Treating diabetes in the elderly often means close monitoring of other medical conditions as well. For example, patients with diabetes may be at higher risk for elevated blood pressure. If hypertension is an issue, it is crucial to treat this condition as well. Often, this may require blood pressure medication.
Another essential step in treating diabetes in the elderly is to maintain proper foot care. This is because diabetics can be prone to foot infections. Open sores, especially on the feet or legs, are a common problem in advanced cases. This is a particular concern for elderly patients. In many cases, wearing special shoes designed for diabetics may help prevent problems.
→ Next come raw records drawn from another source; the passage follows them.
lemma crosses_min_max_iff: "crosses (a, b) (x, y) \<longleftrightarrow>
    min a b < x \<and> x < max a b \<and> (y < min a b \<or> max a b < y) \<or>
    min a b < y \<and> y < max a b \<and> (x < min a b \<or> max a b < x)"
  unfolding crosses_def cyc4_def min_def max_def by auto

lemma crosses_zero_iff:
  "crosses (a, b) (0, k) \<longleftrightarrow> 0 < a \<and> 0 < b \<and> min a b < k \<and> k < max a b"
  unfolding crosses_def cyc4_def min_def max_def by auto

lemma before_zero_iff:
  assumes "crosses (a, b) (0, k)"
  shows "before j k (a, b) (x, y) \<longleftrightarrow>
    {a, b} \<noteq> {x, y} \<and> min a b \<le> x \<and> x \<le> max a b \<and> min a b \<le> y \<and> y \<le> max a b"
  using assms unfolding crosses_zero_iff before_def on_k_side_def cyc3_def min_def max_def
  by (auto split: if_splits)

lemma crosses_through_endpoint_zero:
  assumes "crosses (a, b) (0, k)" "crosses (x, y) (b, k)" "\<not> crosses (x, y) (a, b)"
  shows "crosses (x, y) (0, k)"
  using assms unfolding crosses_zero_iff crosses_commute[of "(x, y)"] crosses_min_max_iff
  by (auto simp: min_def max_def split: if_splits)

lemma before_if_sides_uncrossed_zero:
  assumes "crosses (a, b) (0, k)" "\<not> crosses (0, a) (x, y)" "\<not> crosses (0, b) (x, y)"
    "crosses (x, y) (0, k)" "{x, y} \<noteq> {a, b}"
  shows "before 0 k (a, b) (x, y)"
  using assms unfolding before_zero_iff[OF assms(1)]
  unfolding crosses_zero_iff crosses_min_max_iff
  by (auto simp: min_def max_def split: if_splits)

lemma crosses_endpoint_diag_if_before_zero:
  assumes "crosses (a, b) (0, k)" "before 0 k (a, b) (x, y)" "crosses (x, y) (0, k)" "x \<noteq> b" "y \<noteq> b"
  shows "crosses (x, y) (b, k)"
  using assms unfolding before_zero_iff[OF assms(1)]
  unfolding crosses_zero_iff crosses_commute[of "(x, y)"] crosses_min_max_iff
  by (auto simp: min_def max_def split: if_splits)

lemma crosses_from_start_if_before_zero:
  assumes "crosses (a, b) (0, k)" "before 0 k (a, b) (x, y)" "x \<noteq> a" "x \<noteq> b"
  shows "crosses (0, x) (a, b)"
  using assms unfolding before_zero_iff[OF assms(1)]
  unfolding crosses_zero_iff crosses_commute[of "(0, x)"] crosses_min_max_iff
  by (auto simp: min_def max_def split: if_splits)

lemma before_shared_vertex_zero:
  assumes "crosses (a, b) (0, k)" "crosses (f, g) (0, k)"
    "before 0 k (a, b) (f, g)" "before 0 k (f, g) (x, y)" "v \<in> {a, b}" "v \<in> {x, y}"
  shows "v \<in> {f, g}"
proof -
  have "min a b \<le> min f g" "max f g \<le> max a b" "min f g \<le> v" "v \<le> max f g"
    using assms(3,4,6) unfolding before_zero_iff[OF assms(1)] before_zero_iff[OF assms(2)] by auto
  moreover have "v = min a b \<or> v = max a b"
    using assms(5) by auto
  ultimately have "v = min f g \<or> v = max f g"
    by linarith
  then show ?thesis
    unfolding min_def max_def by (auto split: if_splits)
qed

text \<open>
  Relabelling the vertices cyclically so that i becomes 0 preserves crossings and the order of
  crossing points. This reduces the statements below about a diagonal (i, k) to the case i = 0
  treated above, where the cyclic order is the order of nat.
\<close>

definition rotation :: "nat \<Rightarrow> nat \<Rightarrow> nat \<Rightarrow> nat" where
  "rotation n i x = (if i \<le> x then x - i else x + n - i)"

lemma rotation_self: "rotation n i i = 0"
  by (simp add: rotation_def)

lemma rotation_eq_iff:
  "x < n \<Longrightarrow> y < n \<Longrightarrow> i < n \<Longrightarrow> rotation n i x = rotation n i y \<longleftrightarrow> x = y"
  unfolding rotation_def by (cases "i \<le> x"; cases "i \<le> y"; simp; linarith)
lemma girth_mult_kiss_eq:
  assumes "3 \<le> girth"
    and prefixes: "{w. nonbacktracking w \<and> length w = Suc (girth div 2)}
      \<subseteq> take (Suc (girth div 2)) ` shortest_geodesics"
  shows "girth * kiss = card V * d * (d - 1) ^ (girth div 2)"
proof -
  let ?k = "Suc (girth div 2)"
  have "take ?k ` shortest_geodesics \<subseteq> {w. nonbacktracking w \<and> length w = ?k}"
    using assms(1) by (intro take_shortest_geodesics_subset) simp
  then have "take ?k ` shortest_geodesics = {w. nonbacktracking w \<and> length w = ?k}"
    using prefixes by (rule subset_antisym)
  then have "girth * kiss = card {w. nonbacktracking w \<and> length w = ?k}"
    using card_image[OF inj_on_take_shortest_geodesics[OF assms(1)]] card_shortest_geodesics
    by simp
  then show ?thesis by (simp add: card_nonbacktracking_length_Suc)
qed

lemma moore_number_le_card_V:
  assumes "3 \<le> girth" and "V \<noteq> {}" and "0 < d"
  shows "moore_number d girth \<le> card V"
proof (cases "odd girth")
  case True
  obtain v where "v \<in> V" using assms(2) by blast
  then show ?thesis
    using moore_bound_odd[of v "girth div 2"] moore_number_odd[OF True assms(1)] True assms(1)
    by simp
next
  case False
  obtain v where v: "v \<in> V" using assms(2) by blast
  then have "{e \<in> D. tail e = v} \<noteq> {}"
    using card_darts_from[OF v] assms(3) by (metis card.empty less_irrefl)
  then obtain e where "e \<in> D" by blast
  then show ?thesis
    using moore_bound_even[of e "girth div 2"] moore_number_even[OF _ , of girth d] False assms(1)
    by simp
qed

lemma girth_mult_kiss_eq_if_moore:
  assumes "3 \<le> girth" and moore: "card V = moore_number d girth"
  shows "girth * kiss = card V * d * (d - 1) ^ (girth div 2)"
proof (rule girth_mult_kiss_eq[OF assms(1)], intro subsetI, clarify)
  fix w assume w: "nonbacktracking w" "length w = Suc (girth div 2)"
  show "w \<in> take (Suc (girth div 2)) ` shortest_geodesics"
  proof (cases "odd girth")
    case True
    then have "girth = 2 * (girth div 2) + 1" by simp
    moreover have "card V = 1 + d * (\<Sum>i<girth div 2. (d - 1) ^ i)"
      using moore moore_number_odd[OF True assms(1)] by simp
    ultimately show ?thesis using w by (rule prefix_shortest_geodesic_odd)
  next
    case False
    then have "girth = 2 * (girth div 2)" by simp
    moreover have "card V = 2 * (\<Sum>i<girth div 2. (d - 1) ^ i)"
      using moore moore_number_even[of girth d] False assms(1) by simp
    ultimately show ?thesis using w by (rule prefix_shortest_geodesic_even)
  qed
qed

lemma moore_graph_iff:
  assumes "connected_mg V D rv tail"
  shows "moore_graph V D rv tail \<longleftrightarrow> card V = moore_number d girth"
proof
  assume "moore_graph V D rv tail"
  then obtain d' where d': "regular_mg V D tail d'" "card V = moore_number d' girth"
    by (auto simp: moore_graph_def)
  obtain v where "v \<in> V" using assms by (auto simp: connected_mg_def)
  then have "d' = d" using d'(1) regular unfolding regular_mg_def by metis
  then show "card V = moore_number d girth" using d'(2) by simp
next
  assume "card V = moore_number d girth"
  then show "moore_graph V D rv tail"
    using assms regular by (auto simp: moore_graph_def)
qed

end

section \<open>The analytic bound\<close>

lemma divide_log_add_strict_mono:
  fixes b c a x :: real
  assumes b: "1 < b" and a: "0 < a" and ax: "a < x" and large: "1 \<le> ln a + c * ln b"
  shows "a / (log b a + c) < x / (log b x + c)"
proof -
  have lnb: "0 < ln b" using b by simp
  have inv_le: "1 / ln b \<le> log b a + c"
    using large lnb by (simp add: log_def field_simps)
  have pos_a: "0 < log b a + c"
    using inv_le lnb by (meson divide_pos_pos less_le_trans zero_less_one)
  have "log b a < log b x" using a ax b by simp
  then have pos_x: "0 < log b x + c" using pos_a by linarith
  have "log b x - log b a = (ln x - ln a) / ln b" by (simp add: log_def diff_divide_distrib)
  also have "\<dots> < ((x - a) / a) / ln b"
    using ln_diff_less[of x a] a ax lnb by (intro divide_strict_right_mono) auto
  finally have "a * (log b x - log b a) < a * (((x - a) / a) / ln b)"
    using a by (rule mult_strict_left_mono)
  also have "\<dots> = (x - a) * (1 / ln b)" using a by simp
  also have "\<dots> \<le> (x - a) * (log b a + c)"
    using inv_le ax by (intro mult_left_mono) auto
  finally have "a * (log b x + c) < x * (log b a + c)" by (simp add: algebra_simps)
  then show ?thesis using pos_a pos_x by (simp add: field_simps)
qed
Diabetes management in older patients may be helped through routine exercise. This should be with the supervision of a physician. Moderate physical activity, such as brisk walking, may be beneficial. In conjunction with physical activity, weight management is another measure that can help keep diabetes in the elderly in check. Patients who are obese or even moderately overweight have a higher risk of diabetes complications, so a physician may recommend weight loss if he feels it is necessary.
Annual eye examinations are essential for elderly patients with diabetes. Many senior patients with advanced diabetes suffer from vision difficulties. Recognizing and treating vision problems before they become advanced can save a patient's eyesight. Cataracts are a common complication of diabetes, therefore surgery for removal may help prevent vision loss. In addition, simple screenings for glaucoma can prevent blindness from diabetes.